Researcher Reverse-Engineers Pacemaker Transmitter To Deliver Deadly Shocks 216
Bismillah writes "Pacemakers seem to be hackable now too, if researcher Barnaby Jack is to be believed. And the consequences of that are deadly. Anonymous assassinations within 30 feet of the pacemaker seem to be possible. From the article: 'In a video demonstration, which Jack declined to release publicly because it may reveal the name of the manufacturer, he issued a series of 830 volt shocks to the pacemaker using a laptop. The pacemakers contained a "secret function" which could be used to activate all pacemakers and implantable cardioverter-defibrillators (ICDs) in a 30 foot -plus vicinity. ... In reverse-engineering the terminals – which communicate with the pacemakers – he discovered no obfuscation efforts and even found usernames and passwords for what appeared to be the manufacturer’s development server. That data could be used to load rogue firmware which could spread between pacemakers with the "potential to commit mass murder."'"
Re:Why are these approved? (Score:3, Insightful)
Because the FDA doesn't care about security. It's not in their mission or charter, and they don't test for it. Hopefully with issues such as this, that issue will be rectified.
Isn't it plain and obvious... (Score:5, Insightful)
...the state of computer "engineering" is complete and utter shit if a fucking pacemaker can be hacked and compromised? What the mother fuck? Are you fucking kidding me? Shouldn't those be among the best designed, safest, most reliable and secure of devices? God help us all. Just wait until they drag us into this war with Iran here soon, and China and Russia decide to team up to end our bullshit and we end up descending into WW3.
Can you imagine the utter chaos in the U.S. when all our magic electronic boxes suddenly stop working, or worse, work silently behind our backs to sabotage and/or kill us? According to another /. article, it's 300+ days on average (sometimes years) between the finding of a typical "zero day" exploit and when it was actually found (kept hidden, and potentially exploited) by attackers. Who wants to bet money China and Russia both have teams of hackers dedicated to finding exploits for all common software and systems in the U.S., extensively documenting and writing code against them, nicely sorting and tabulating it all out and filing it away in an archive, then keeping this info close at hand at all times for when the right opportunity presents itself?
Right now we are more vulnerable than ever. Hands up: who here is looking forward to jumping into a world war with both feet, then being surprised by how much we don't know about our own security vulnerabilities, learning the hard way from powerful foreign countries that just might kick our asses, or at the very least cause massive damage (bombing, etc) to the mainland U.S.? We're learning now that pacemakers have huge gaping security holes. Holy fucking Christ. What else is out there waiting to be compromised and exploited?
Re:Why are these approved? (Score:5, Insightful)
Because the FDA doesn't care about security. It's not in their mission or charter, and they don't test for it. Hopefully with issues such as this, that issue will be rectified.
Uh, not their mission or charter? Care to tell me exactly what the fuck their mission and charter is, if it's somehow not trying to keep citizens safe from products produced by companies with crystal-clear motives (greed, profit), driven by executives with less-than-average morals?
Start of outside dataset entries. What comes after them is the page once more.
lemma vcomp_natural:
  assumes C: "generalized_category C" and D: "generalized_category D"
    and \<alpha>: "natural C D F G \<alpha>" and \<beta>: "natural C D G H \<beta>"
  shows "natural C D F H (vcomp D \<beta> \<alpha>)"
proof -
  note F = natural_dom_functor[OF \<alpha>] and G = natural_cod_functor[OF \<alpha>]
    and H = natural_cod_functor[OF \<beta>]
  note simps = C D natural_simps[OF \<alpha>] natural_simps[OF \<beta>]
    gfunctor_simps[OF F] gfunctor_simps[OF G] gfunctor_simps[OF H] gcat_src_closed gcat_tgt_closed
  have "gcmp D (vcomp D \<beta> \<alpha> (gtgt C a)) (F a) = gcmp D (H a) (vcomp D \<beta> \<alpha> (gsrc C a))"
    if a: "a \<in> gobj C" for a
  proof -
    have "gcmp D (vcomp D \<beta> \<alpha> (gtgt C a)) (F a) = gcmp D (\<beta> (gtgt C a)) (gcmp D (\<alpha> (gtgt C a)) (F a))"
      using a by (simp add: simps vcomp_def)
    also have "\<dots> = gcmp D (gcmp D (\<beta> (gtgt C a)) (G a)) (\<alpha> (gsrc C a))"
      using a by (simp add: simps natural_square[OF \<alpha> a])
    also have "\<dots> = gcmp D (H a) (vcomp D \<beta> \<alpha> (gsrc C a))"
      using a by (simp add: simps natural_square[OF \<beta> a] vcomp_def)
    finally show ?thesis .
  qed
  then show ?thesis
    unfolding natural_def using F H by (simp add: simps vcomp_def)
qed

lemma idtrans_natural:
  assumes C: "generalized_category C" and D: "generalized_category D" and F: "gfunctor C D F"
  shows "natural C D F F (idtrans D F)"
  unfolding natural_def idtrans_def
  using F by (simp add: C D gfunctor_simps[OF F] gcat_src_closed gcat_tgt_closed)
text \<open>The k-th component of an odd element y is the element of A1 representing the functional
  x \<mapsto> B (proj k x) y.\<close>
lemma orthogonal_summands_span:
  assumes ds: "internal_direct_sum scale A0 I W" and y: "y \<in> A1"
  shows "y \<in> {\<Sum>k\<in>I. g k |g. \<forall>k\<in>I. g k \<in> orthogonal_summand I W k}"
proof -
  have "\<exists>z\<in>A1. \<forall>x\<in>A0. B x z = B (direct_sum_proj I W k x) y" if k: "k \<in> I" for k
    by (rule pairing_represents_functional[OF B_linear_right B_linear_left subspace_A0 subspace_A1])
      (use odd_eq_0_if_orthogonal even_eq_0_if_orthogonal direct_sum_proj_add[OF ds _ _ k]
        direct_sum_proj_scale[OF ds _ k] in \<open>auto simp: B_add_left B_scale_left\<close>)
  then obtain g where g_A1: "\<And>k. k \<in> I \<Longrightarrow> g k \<in> A1"
    and g: "\<And>k x. k \<in> I \<Longrightarrow> x \<in> A0 \<Longrightarrow> B x (g k) = B (direct_sum_proj I W k x) y"
    by metis
  have "g k \<in> orthogonal_summand I W k" if k: "k \<in> I" for k
    unfolding orthogonal_summand_def
  proof (intro CollectI conjI ballI impI g_A1[OF k])
    fix l x assume "l \<in> I" "l \<noteq> k" "x \<in> W l"
    moreover from this have "x \<in> A0" using internal_direct_sum_summand_subset[OF ds] by blast
    ultimately show "B x (g k) = 0" using g[OF k] direct_sum_proj_summand[OF ds k] by simp
  qed
  moreover have "(\<Sum>k\<in>I. g k) - y = 0"
  proof (rule odd_eq_0_if_orthogonal)
    show "(\<Sum>k\<in>I. g k) - y \<in> A1" using g_A1 y subspace_A1 by (auto intro!: subspace_diff subspace_sum)
    fix x assume x: "x \<in> A0"
    have "B x (\<Sum>k\<in>I. g k) = B (\<Sum>k\<in>I. direct_sum_proj I W k x) y"
      using g x by (simp add: B_sum_left B_sum_right)
    then show "B x ((\<Sum>k\<in>I. g k) - y) = 0"
      using direct_sum_proj(2)[OF ds x] by (simp add: B_diff_right)
  qed
  then have "y = (\<Sum>k\<in>I. g k)" by (simp add: eq_iff_diff_eq_0[symmetric])
  ultimately show ?thesis by blast
qed

lemma internal_direct_sum_orthogonal_summands:
  assumes ds: "internal_direct_sum scale A0 I W"
  shows "internal_direct_sum scale A1 I (orthogonal_summand I W)"
  unfolding internal_direct_sum_def
proof (intro conjI ballI allI impI)
  show "finite I" using ds by (simp add: internal_direct_sum_def)
  show "subspace (orthogonal_summand I W k)" for k by (rule subspace_orthogonal_summand)
  show "A1 = {\<Sum>k\<in>I. g k |g. \<forall>k\<in>I. g k \<in> orthogonal_summand I W k}"
  proof
    show "A1 \<subseteq> {\<Sum>k\<in>I. g k |g. \<forall>k\<in>I. g k \<in> orthogonal_summand I W k}"
      by (intro subsetI orthogonal_summands_span[OF ds])
    show "{\<Sum>k\<in>I. g k |g. \<forall>k\<in>I. g k \<in> orthogonal_summand I W k} \<subseteq> A1"
      using subspace_A1 by (auto intro!: subspace_sum simp: orthogonal_summand_def)
  qed
  fix g k assume "(\<forall>k\<in>I. g k \<in> orthogonal_summand I W k) \<and> (\<Sum>k\<in>I. g k) = 0" "k \<in> I"
  then show "g k = 0" using orthogonal_summands_independent[OF ds] by blast
qed

end


section \<open>The decomposition\<close>

locale graded_decomposition = odd_symmetric_superalgebra scale basis mul A0 A1 B
  for scale :: "'k::field \<Rightarrow> 'a::ab_group_add \<Rightarrow> 'a" and basis mul A0 A1 B +
  fixes n :: nat and S :: "nat \<Rightarrow> 'a set"
  assumes internal_direct_sum_A0:
      "internal_direct_sum scale A0 {..n} (\<lambda>k. if k < n then S k else Ann mul A0)"
    and irreducible_S: "\<And>k. k < n \<Longrightarrow> irreducible_sub_bimodule scale mul A0 A0 (S k)"
begin

text \<open>Index n stands for N = Ann(A0); the odd summand k is the paper's hatted S_k for k < n and
  its hatted N for k = n.\<close>
definition even_summand :: "nat \<Rightarrow> 'a set" where
  "even_summand k = (if k < n then S k else Ann mul A0)"

definition odd_summand :: "nat \<Rightarrow> 'a set" where
  "odd_summand = orthogonal_summand {..n} even_summand"

abbreviation even_proj :: "nat \<Rightarrow> 'a \<Rightarrow> 'a" where
  "even_proj \<equiv> direct_sum_proj {..n} even_summand"

lemma internal_direct_sum_even_summand: "internal_direct_sum scale A0 {..n} even_summand"
  using internal_direct_sum_A0 by (simp add: even_summand_def[abs_def])

lemma internal_direct_sum_odd_summand: "internal_direct_sum scale A1 {..n} odd_summand"
  unfolding odd_summand_def
  by (rule internal_direct_sum_orthogonal_summands[OF internal_direct_sum_even_summand])

lemma even_summand_ideal: "k \<le> n \<Longrightarrow> sub_bimodule scale mul A0 A0 (even_summand k)"
  using irreducible_S Ann_sub_bimodule by (auto simp: even_summand_def irreducible_sub_bimodule_def)

lemma even_summand_mul_closed:
  assumes "k \<le> n" "a \<in> A0" "x \<in> even_summand k"
  shows "mul a x \<in> even_summand k" "mul x a \<in> even_summand k"
  using even_summand_ideal[OF assms(1)] assms(2,3) by (auto simp: sub_bimodule_def)

lemma S_eq_even_summand: "k < n \<Longrightarrow> S k = even_summand k"
  by (simp add: even_summand_def)

lemma S_subset_A0: "k < n \<Longrightarrow> S k \<subseteq> A0"
  using even_summand_ideal[of k] by (auto simp: S_eq_even_summand sub_bimodule_def)

lemma subspace_S: "k < n \<Longrightarrow> subspace (S k)"
  using even_summand_ideal[of k] by (auto simp: S_eq_even_summand sub_bimodule_def)

lemma even_proj_mem: "x \<in> A0 \<Longrightarrow> k \<le> n \<Longrightarrow> even_proj k x \<in> even_summand k"
  using direct_sum_proj(1)[OF internal_direct_sum_even_summand] by simp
Computer security may not specifically be their primary mission, but product security sure as hell is. And if it's not, then dismantle the whole damn organization, because clearly what the public thinks they do, and what they actually exist for, are two completely different things.
Re:Why are these approved? (Score:4, Insightful)
Yeah, but there's a difference between short range wireless (several cm) and long range (10's of metres) that makes a huge difference to the possible attach vectors.
Re:Isn't it plain and obvious... (Score:4, Insightful)
Yes but, there are consequences. When someone gets shot, investigations happen, people with motive are questioned. Mode of death and circumstances affect alot.
As an example, I have some friends with a farm and a good amount of land behind it. They have a camping ground for events and a number of structures etc in the woods from the many many years of farm and other uses.
They allowed someone that was going through hard times to stay in their woods, living in one of the primitive stuctures. He helped out at the farm, feeding the animals. One day, they noticed the animals hadn't been fed, later on, they went out to check on him.... he had attempted to kill himself, but was still barely alive.
The parametics and police were decidedly unhappy about having to head out into the woods....but did tell my friends that its a really good thing that they found him when they did, because if he had died, and they came to find the dead body, the investigation would have been a very different matter, whereas, since he was (even if just barely) alive when the police arrived, they could just call it an accidental OD or possible suicide and not have to investigate.
Now, if it were a gunshot?... you know they would investigate. However.... guy with a pacemaker has a heart attack? Thats natural causes man.
This could have happened already, many times over, and nobody would be any wiser.... no need to investigate such an "obvious" death.